Bob Sharp
- Born: 17 February 1934 Arcadia, New South Wales, Australia
- Died: 12 September 2012 (aged 78)
- Nationality: Australian

Career history
- 1952–1954: Glasgow White City
- 1954–1958: Ipswich Witches

Individual honours
- 1962, 1965: Australian champion
- 1964: New South Wales champion

Team honours
- 1952, 1953: Scottish Cup winner

= Bob Sharp (speedway rider) =

Australian motorcycle speedway rider

Robert Henry Sharp (17 February 1934 – 12 September 2012) was an Australian motorcycle speedway rider. He was twice champion of Australia in 1962 and 1965 and earned 13 international caps for the Australia national speedway team.

== Biography==
Sharp, born in Arcadia, New South Wales, began his British leagues career riding for Glasgow Tigers during the 1952 Speedway National League Division Two season. He won the Scottish novices Championship in September 1952.

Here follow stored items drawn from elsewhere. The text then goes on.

(* There exist two players with the same (general, non-additive) valuation $v$ over a finite set of goods such that no allocation is both EFX and Pareto optimal. Here $v$ is allowed to have zero marginal utility, i.e. $v(S\cup\{g\})=v(S)$ for some $S$ and $g\notin S$.
   Context: A valuation is a function $v:2^M\to\mathbb{R}_{\ge0}$ with $v(\emptyset)=0$ that is monotone: $v(S)\le v(T)$ whenever $S\subseteq T$. An allocation is an ordered partition $(A_1,\dots,A_n)$ of $M$; parts may be empty. It is EFX if for all players $i,j$ and every $g\in A_j$ we have $v_i(A_i)\ge v_i(A_j\setminus\{g\})$. It is Pareto optimal (PO) if there is no allocation $B$ with $v_i(B_i)\ge v_i(A_i)$ for all $i$ and $v_j(B_j)>v_j(A_j)$ for some $j$. *)

theory Defs
  imports Complex_Main
begin

definition valuation :: "'g set \<Rightarrow> ('g set \<Rightarrow> real) \<Rightarrow> bool" where
  "valuation M v \<longleftrightarrow> v {} = 0 \<and> (\<forall>S. S \<subseteq> M \<longrightarrow> 0 \<le> v S) \<and>
     (\<forall>S T. S \<subseteq> T \<and> T \<subseteq> M \<longrightarrow> v S \<le> v T)"

definition allocation :: "'p set \<Rightarrow> 'g set \<Rightarrow> ('p \<Rightarrow> 'g set) \<Rightarrow> bool" where
  "allocation N M A \<longleftrightarrow> (\<forall>i\<in>N. A i \<subseteq> M) \<and> (\<Union>i\<in>N. A i) = M \<and>
     (\<forall>i\<in>N. \<forall>j\<in>N. i \<noteq> j \<longrightarrow> A i \<inter> A j = {})"

definition EFX :: "'p set \<Rightarrow> ('p \<Rightarrow> 'g set \<Rightarrow> real) \<Rightarrow> ('p \<Rightarrow> 'g set) \<Rightarrow> bool" where
  "EFX N vs A \<longleftrightarrow> (\<forall>i\<in>N. \<forall>j\<in>N. \<forall>g\<in>A j. vs i (A j - {g}) \<le> vs i (A i))"

definition pareto_optimal ::
  "'p set \<Rightarrow> 'g set \<Rightarrow> ('p \<Rightarrow> 'g set \<Rightarrow> real) \<Rightarrow> ('p \<Rightarrow> 'g set) \<Rightarrow> bool" where
  "pareto_optimal N M vs A \<longleftrightarrow> \<not> (\<exists>B. allocation N M B \<and>
     (\<forall>i\<in>N. vs i (A i) \<le> vs i (B i)) \<and> (\<exists>j\<in>N. vs j (A j) < vs j (B j)))"

end

(* Goods 0, 1, 2: the goods 1 and 2 are complements worth 1 together, and good 0 doubles their
   value but is worthless on its own.  Two disjoint bundles cannot both contain 1 and 2, so unless
   one player receives everything, the allocation is Pareto dominated by the grand bundle.  But
   when one player receives everything, the other envies the bundle {1, 2} left after removing
   good 0. *)
theory Submission
  imports Defs
begin

definition complement_valuation :: "nat set \<Rightarrow> real" where
  "complement_valuation S = (if 1 \<in> S \<and> 2 \<in> S then (if 0 \<in> S then 2 else 1) else 0)"

lemma valuation_complement_valuation: "valuation {0,1,2} complement_valuation"
  unfolding valuation_def complement_valuation_def by auto

lemma complement_valuation_le_2: "complement_valuation S \<le> 2"
  by (simp add: complement_valuation_def)

lemma complement_valuation_eq_2_iff: "complement_valuation S = 2 \<longleftrightarrow> {0,1,2} \<subseteq> S"
  by (auto simp: complement_valuation_def)

lemma complement_valuation_disjoint:
  "S \<inter> T = {} \<Longrightarrow> complement_valuation S = 0 \<or> complement_valuation T = 0"
  by (auto simp: complement_valuation_def)

lemma allocation_grand_bundle:
  "k \<in> N \<Longrightarrow> allocation N M (\<lambda>i. if i = k then M else {})"
  by (auto simp: allocation_def)

lemma not_pareto_optimal_if_dominated:
  assumes "allocation N M B" "\<forall>i\<in>N. vs i (A i) \<le> vs i (B i)" "j \<in> N" "vs j (A j) < vs j (B j)"
  shows "\<not> pareto_optimal N M vs A"
  using assms unfolding pareto_optimal_def by blast

lemma pareto_optimal_complement_valuation_eq_2:
  assumes po: "pareto_optimal N {0,1,2} (\<lambda>_. complement_valuation) A"
    and k: "k \<in> N" and others: "\<forall>i\<in>N - {k}. complement_valuation (A i) = 0"
  shows "complement_valuation (A k) = 2"
proof (rule ccontr)
  assume "complement_valuation (A k) \<noteq> 2"
  then have less: "complement_valuation (A k) < 2"
    using complement_valuation_le_2 order_less_le by blast
  define B :: "'a \<Rightarrow> nat set" where "B i = (if i = k then {0,1,2} else {})" for i
  have dominated: "complement_valuation (A i) \<le> complement_valuation (B i)" if "i \<in> N" for i
  proof (cases "i = k")
    case True
    then show ?thesis
      using complement_valuation_le_2 by (simp add: B_def complement_valuation_def)
  next
    case False
    then show ?thesis
      using others that by (simp add: B_def complement_valuation_def)
  qed
  moreover have "complement_valuation (A k) < complement_valuation (B k)"
    using less by (simp add: B_def complement_valuation_def)
  moreover have "allocation N {0,1,2} B"
    unfolding B_def using allocation_grand_bundle[OF k] .
  ultimately have "\<not> pareto_optimal N {0,1,2} (\<lambda>_. complement_valuation) A"
    using k by (intro not_pareto_optimal_if_dominated[where B = B and j = k]) auto
  with po show False by contradiction
qed

lemma pareto_optimal_complement_valuation_grand_bundle:
  assumes alloc: "allocation {0,1::nat} {0,1,2} A"
    and po: "pareto_optimal {0,1} {0,1,2} (\<lambda>_. complement_valuation) A"
  obtains k where "k \<in> {0,1}" "A k = {0,1,2}" "A (1 - k) = {}"
proof -
  have sub: "A 0 \<subseteq> {0,1,2}" "A 1 \<subseteq> {0,1,2}" and disj: "A 0 \<inter> A 1 = {}"
    using alloc unfolding allocation_def by auto
  have grand_bundle: "A k = {0,1,2}" if "k \<in> {0,1}" "complement_valuation (A (1 - k)) = 0" for k
  proof -
    have "{0,1::nat} - {k} = {1 - k}"
      using that(1) by auto
    then have "complement_valuation (A k) = 2"
      using pareto_optimal_complement_valuation_eq_2[OF po that(1)] that(2) by simp
    then show ?thesis
      using sub that(1) complement_valuation_eq_2_iff by blast
  qed
  consider "complement_valuation (A 1) = 0" | "complement_valuation (A 0) = 0"
    using complement_valuation_disjoint[OF disj] by blast
  then show thesis
  proof cases
    case 1
    then have "A 0 = {0,1,2}"
      using grand_bundle[of 0] by simp
    with disj sub(2) have "A 1 = {}"
      by blast
    with \<open>A 0 = {0,1,2}\<close> show thesis
      using that[of 0] by simp
  next
    case 2
    then have "A 1 = {0,1,2}"
      using grand_bundle[of 1] by simp
    with disj sub(1) have "A 0 = {}"
      by blast
    with \<open>A 1 = {0,1,2}\<close> show thesis
      using that[of 1] by simp
  qed
qed

lemma grand_bundle_not_EFX:
  assumes k: "k \<in> {0,1}" "A k = {0,1,2}" "A (1 - k) = {}"
  shows "\<not> EFX {0,1::nat} (\<lambda>_. complement_valuation) A"
proof
  assume efx: "EFX {0,1} (\<lambda>_. complement_valuation) A"
  have "1 - k \<in> {0,1}" "0 \<in> A k"
    using k by auto
  then have "complement_valuation (A k - {0}) \<le> complement_valuation (A (1 - k))"
    using efx k(1) unfolding EFX_def by blast
  with k show False
    by (simp add: complement_valuation_def)
qed

theorem theorem5p2:
  shows "\<exists>(M :: nat set) (v :: nat set \<Rightarrow> real).
    finite M \<and> valuation M v \<and>
    (\<exists>S g. S \<subseteq> M \<and> g \<in> M \<and> g \<notin> S \<and> v (insert g S) = v S) \<and>
    \<not> (\<exists>A. allocation {0, 1 :: nat} M A \<and> EFX {0, 1} (\<lambda>_. v) A \<and>
           pareto_optimal {0, 1} M (\<lambda>_. v) A)"
proof (rule exI[of _ "{0,1,2}"], rule exI[of _ complement_valuation], intro conjI)
  show "finite {0,1,2::nat}" by simp
  show "valuation {0,1,2} complement_valuation"
    by (rule valuation_complement_valuation)
  show "\<exists>S g. S \<subseteq> {0,1,2::nat} \<and> g \<in> {0,1,2} \<and> g \<notin> S \<and>
      complement_valuation (insert g S) = complement_valuation S"
    by (rule exI[of _ "{}"], rule exI[of _ "0::nat"]) (simp add: complement_valuation_def)
  show "\<not> (\<exists>A. allocation {0,1::nat} {0,1,2} A \<and> EFX {0,1} (\<lambda>_. complement_valuation) A \<and>
           pareto_optimal {0,1} {0,1,2} (\<lambda>_. complement_valuation) A)"
    using pareto_optimal_complement_valuation_grand_bundle grand_bundle_not_EFX by metis
qed

end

Sharp spent two full seasons with Glasgow but in 1954 was forced to find a new club following Glasgow's withdrawal from the league campaign.

Sharp switched to Ipswich Witches and began to build on his previous seasons averages, recording 6.38 for the 1954 season. He came to prominence in 1956 after recording an 8.93 average for Ipswich. However, following a disappointing 1958 campaign he returned to ride in Australia.

Sharp became the Australian champion after winning the Australian Solo Championship in 1962 and New South Wales champion in 1964. He won a second Australian title in 1965.